**ABOUT THIS EXERCISE**
Write out the entries below exactly, from the first line to the one with "Context: A decision", both ends included.

-------- RECORDS FOR PROCESSING --------

(* Let $f:\mathbb{R}^d\to\mathbb{R}$ be a tree ensemble model whose trees have $n$ nodes in total, and let $x\in\mathbb{R}^d$. Then for any $S\subseteq[d]$, the squared prediction gap $$\mathrm{PG}^2(x,S)=\mathbb{E}_{x'\sim \mathrm{perturb}(x,S)}\left[(f(x')-f(x))^2\right]$$ can be computed exactly in $O(n^2)$ time.
   Context: A decision tree $T$ is a rooted binary tree in which each non-leaf node $v$ has exactly two children $a_v,b_v$, a feature index $q_v\in[d]=\{1,\dots,d\}$ and a threshold $t_v\in\mathbb{R}$; each leaf $l$ has a value $y_l\in\mathbb{R}$. The output $f_T(x)$ on input $x\in\mathbb{R}^d$ is obtained by starting at the root and, at each non-leaf node $v$, descending to $a_v$ if $x_{q_v}<t_v$ and to $b_v$ otherwise, until a leaf $l$ is reached; then $f_T(x)=y_l$. A tree ensemble model is a finite collection of decision trees $T_1,\dots,T_m$ with output $f(x)=\sum_{i=1}^m f_{T_i}(x)$; its total size $n$ is the sum of the numbers of nodes of its trees. For $x\in\mathbb{R}^d$ and $S\subseteq[d]$, the distribution $\mathrm{perturb}(x,S)$ of a random vector $x'\in\mathbb{R}^d$ is as follows: for each $i\in S$, $x'_i=x_i+\delta_i$ where $\delta_i\sim\mathcal{D}_i$ for a fixed distribution $\mathcal{D}_i$ on $\mathbb{R}$; for each $i\notin S$, $x'_i=x_i$; and the $\delta_i$ ($i\in S$) are mutually independent. It is assumed that the cumulative distribution function $F_{\mathcal{D}_i}$ of each $\mathcal{D}_i$ can be evaluated in $O(1)$ time. The running time is measured in a model where arithmetic operations on real numbers take constant time.
   Formalization: The O(1)-evaluable function for each $\mathcal{D}_i$ is the left-continuous cumulative distribution function, v mapped to the probability that $\delta_i$ < v, instead of $F_{\mathcal{D}_i}$(v), the probability that $\delta_i$ <= v. The statement above fails without it. *)

theory Defs
  imports "HOL-Probability.Probability"
begin

datatype dtree = Leaf real | Node nat real dtree dtree

fun eval_tree :: "dtree \<Rightarrow> (nat \<Rightarrow> real) \<Rightarrow> real" where
  "eval_tree (Leaf y) x = y"
| "eval_tree (Node q t a b) x = (if x q < t then eval_tree a x else eval_tree b x)"

definition ens_eval :: "dtree list \<Rightarrow> (nat \<Rightarrow> real) \<Rightarrow> real" where
  "ens_eval ts x = (\<Sum>T\<leftarrow>ts. eval_tree T x)"

fun tsize :: "dtree \<Rightarrow> nat" where
  "tsize (Leaf y) = 1"
| "tsize (Node q t a b) = 1 + tsize a + tsize b"

definition ens_size :: "dtree list \<Rightarrow> nat" where
  "ens_size ts = (\<Sum>T\<leftarrow>ts. tsize T)"

fun feats :: "dtree \<Rightarrow> nat set" where
  "feats (Leaf y) = {}"
| "feats (Node q t a b) = insert q (feats a \<union> feats b)"

definition wf_ensemble :: "nat \<Rightarrow> dtree list \<Rightarrow> bool" where
  "wf_ensemble d ts \<longleftrightarrow> (\<forall>T\<in>set ts. feats T \<subseteq> {1..d})"

definition perturb_pt :: "(nat \<Rightarrow> real) \<Rightarrow> nat set \<Rightarrow> (nat \<Rightarrow> real) \<Rightarrow> (nat \<Rightarrow> real)" where
  "perturb_pt x S \<delta> = (\<lambda>i. if i \<in> S then x i + \<delta> i else x i)"

text \<open>PG^2(x,S) = E_{x' ~ perturb(x,S)} (f x' - f x)^2, where x' = x + delta on S and
the delta_i (i in S) are independent with distributions D i, i.e. delta ~ product
measure of the D i over i in S.\<close>
definition PG2 :: "dtree list \<Rightarrow> (nat \<Rightarrow> real) \<Rightarrow> nat set \<Rightarrow> (nat \<Rightarrow> real measure) \<Rightarrow> real" where
  "PG2 ts x S D = (\<integral>\<delta>. (ens_eval ts (perturb_pt x S \<delta>) - ens_eval ts x)\<^sup>2 \<partial>(PiM S D))"
theorem lemma2:
  fixes G :: "'n env" and \<rho> \<sigma> :: "'n ctr"
    and ps :: "('n env \<times> 'n ctr \<times> 'n ctr) list"
  assumes "contract \<rho>" and "contract \<sigma>"
    and "rule_inst G \<rho> \<sigma> ps"
  shows "\<forall>\<delta> \<gamma>. history \<delta> \<longrightarrow> history \<gamma> \<longrightarrow>
           (\<forall>i < length ps. \<exists>\<delta>i \<gamma>i.
              red_no_rbk\<^sup>*\<^sup>* ((\<delta>, C \<rho>), (\<gamma>, C \<sigma>))
                ((\<delta>i, C (fst (snd (ps ! i)))), (\<gamma>i, C (snd (snd (ps ! i))))))"
proof (intro allI impI)
  fix \<delta> \<gamma> i
  assume i: "i < length ps"
  from assms(3) show "\<exists>\<delta>i \<gamma>i. red_no_rbk\<^sup>*\<^sup>* ((\<delta>, C \<rho>), (\<gamma>, C \<sigma>))
      ((\<delta>i, C (fst (snd (ps ! i)))), (\<gamma>i, C (snd (snd (ps ! i)))))"
  proof cases
    case (plus_plus \<rho>0 \<sigma>0 xs ys \<alpha> \<rho>k \<sigma>k)
    then obtain \<delta>' \<gamma>' where "hstep (\<delta>, C \<rho>) (Act \<alpha>) (\<delta>', C \<rho>k)"
        and "hstep (\<gamma>, C \<sigma>) (Act (dual \<alpha>)) (\<gamma>', C \<sigma>k)"
      using hstep_rview by metis
    with plus_plus i show ?thesis by (auto dest: red_no_rbk_comm)
  next
    case (oplus_plus \<rho>0 ys xs)
    with i show ?thesis
      by (auto dest!: list_all2_nth_witness intro: oplus_plus_reaches_premise)
  next
    case (plus_oplus ys \<sigma>0 xs)
    with i show ?thesis
      by (auto dest!: list_all2_nth_witness intro: plus_oplus_reaches_premise)
  qed
qed

end
lemma Hp_diff:
  assumes "p > 0" "x \<in> Hp p" "y \<in> Hp p"
  shows "x - y \<in> Hp p"
  using Hp_add[OF assms(1,2) Hp_uminus[OF assms(3)]] by simp

lemma Hp_mult:
  assumes "x \<in> Hp p" "y \<in> Hp p"
  shows "x * y \<in> Hp p"
proof -
  obtain a n where x: "x = of_int a / of_nat p ^ n" using assms Hp_iff by blast
  obtain b m where y: "y = of_int b / of_nat p ^ m" using assms Hp_iff by blast
  have "x * y = of_int (a * b) / of_nat p ^ (n + m)"
    by (simp add: x y power_add)
  then show ?thesis unfolding Hp_iff by blast
qed

lemma Hp_sum:
  assumes "p > 0" "\<And>j. j \<in> J \<Longrightarrow> c j \<in> Hp p"
  shows "(\<Sum>j\<in>J. c j) \<in> Hp p"
  using assms(2)
proof (induction J rule: infinite_finite_induct)
  case (insert x F)
  then show ?case by (simp add: Hp_add[OF assms(1)])
qed auto

lemma powr_of_int_eq:
  assumes "x > (0::real)"
  shows "x powr of_int k = (if k \<ge> 0 then x ^ nat k else 1 / x ^ nat (- k))"
  using assms
  by (auto simp: powr_realpow[symmetric] powr_minus_divide[symmetric] simp del: powr_minus_divide)

lemma Hp_powr:
  assumes "p > 0"
  shows "real p powr of_int k \<in> Hp p"
proof -
  have "real p ^ n \<in> Hp p" "1 / real p ^ n \<in> Hp p" for n
    unfolding Hp_iff by (metis of_int_of_nat_eq of_int_power div_by_1 power_0 of_int_1)+
  then show ?thesis using assms by (simp add: powr_of_int_eq)
qed

lemma Hp_dense:
  assumes "p > 1" "\<alpha> < \<beta>"
  shows "\<exists>h\<in>Hp p. \<alpha> < h \<and> h < \<beta>"
proof -
  obtain n where n: "1 / (\<beta> - \<alpha>) < real p ^ n"
    using real_arch_pow[of "real p" "1 / (\<beta> - \<alpha>)"] assms by auto
  have pn: "real p ^ n > 0" using assms by simp
  have big: "(\<beta> - \<alpha>) * real p ^ n > 1"
    using n assms by (simp add: field_simps)
  define a where "a = \<lfloor>\<alpha> * real p ^ n\<rfloor> + 1"
  have "\<alpha> * real p ^ n < of_int a" "of_int a < \<beta> * real p ^ n"
    unfolding a_def using big by (simp_all add: algebra_simps) linarith+
  then have "\<alpha> < of_int a / real p ^ n" "of_int a / real p ^ n < \<beta>"
    using pn by (simp_all add: field_simps)
  moreover have "of_int a / real p ^ n \<in> Hp p" unfolding Hp_iff by blast
  ultimately show ?thesis by blast
qed

definition Cp_point :: "nat \<Rightarrow> real \<Rightarrow> real set" where
  "Cp_point p x = (\<lambda>t. x * t) ` Hp p"

lemma Cp_iff_point: "H \<in> Cp p \<longleftrightarrow> (\<exists>x>0. H = Cp_point p x)"
  unfolding Cp_def Cp_point_def by auto

lemma mem_Cp_point_self: "x \<in> Cp_point p x"
  unfolding Cp_point_def using Hp_1 by force

lemma Cp_point_powr_mult:
  assumes "p > 0"
  shows "Cp_point p (real p powr of_int k * x) = Cp_point p x"
proof -
  have scale: "real p powr of_int k * h \<in> Hp p" if "h \<in> Hp p" for h k
    using Hp_mult[OF Hp_powr[OF assms] that] .
  have "(\<lambda>t. real p powr of_int k * t) ` Hp p = Hp p"
  proof (intro equalityI subsetI)
    fix h assume h: "h \<in> Hp p"
    have "h = real p powr of_int k * (real p powr of_int (- k) * h)"
      using assms by (simp add: powr_minus field_simps)
    then show "h \<in> (\<lambda>t. real p powr of_int k * t) ` Hp p"
      using scale[OF h] by blast
  qed (use scale in auto)
  then have "(\<lambda>t. x * t) ` ((\<lambda>t. real p powr of_int k * t) ` Hp p) = (\<lambda>t. x * t) ` Hp p"
    by simp
  then show ?thesis
    unfolding Cp_point_def image_image by (simp add: mult_ac)
qed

--------

**YOUR RESPONSE**
(* Let $f:\mathbb{R}^d\to\mathbb{R}$ be a tree ensemble model whose trees have $n$ nodes in total, and let $x\in\mathbb{R}^d$. Then for any $S\subseteq[d]$, the squared prediction gap $$\mathrm{PG}^2(x,S)=\mathbb{E}_{x'\sim \mathrm{perturb}(x,S)}\left[(f(x')-f(x))^2\right]$$ can be computed exactly in $O(n^2)$ time.
   Context: A decision tree $T$ is a rooted binary tree in which each non-leaf node $v$ has exactly two children $a_v,b_v$, a feature index $q_v\in[d]=\{1,\dots,d\}$ and a threshold $t_v\in\mathbb{R}$; each leaf $l$ has a value $y_l\in\mathbb{R}$. The output $f_T(x)$ on input $x\in\mathbb{R}^d$ is obtained by starting at the root and, at each non-leaf node $v$, descending to $a_v$ if $x_{q_v}<t_v$ and to $b_v$ otherwise, until a leaf $l$ is reached; then $f_T(x)=y_l$. A tree ensemble model is a finite collection of decision trees $T_1,\dots,T_m$ with output $f(x)=\sum_{i=1}^m f_{T_i}(x)$; its total size $n$ is the sum of the numbers of nodes of its trees. For $x\in\mathbb{R}^d$ and $S\subseteq[d]$, the distribution $\mathrm{perturb}(x,S)$ of a random vector $x'\in\mathbb{R}^d$ is as follows: for each $i\in S$, $x'_i=x_i+\delta_i$ where $\delta_i\sim\mathcal{D}_i$ for a fixed distribution $\mathcal{D}_i$ on $\mathbb{R}$; for each $i\notin S$, $x'_i=x_i$; and the $\delta_i$ ($i\in S$) are mutually independent. It is assumed that the cumulative distribution function $F_{\mathcal{D}_i}$ of each $\mathcal{D}_i$ can be evaluated in $O(1)$ time. The running time is measured in a model where arithmetic operations on real numbers take constant time.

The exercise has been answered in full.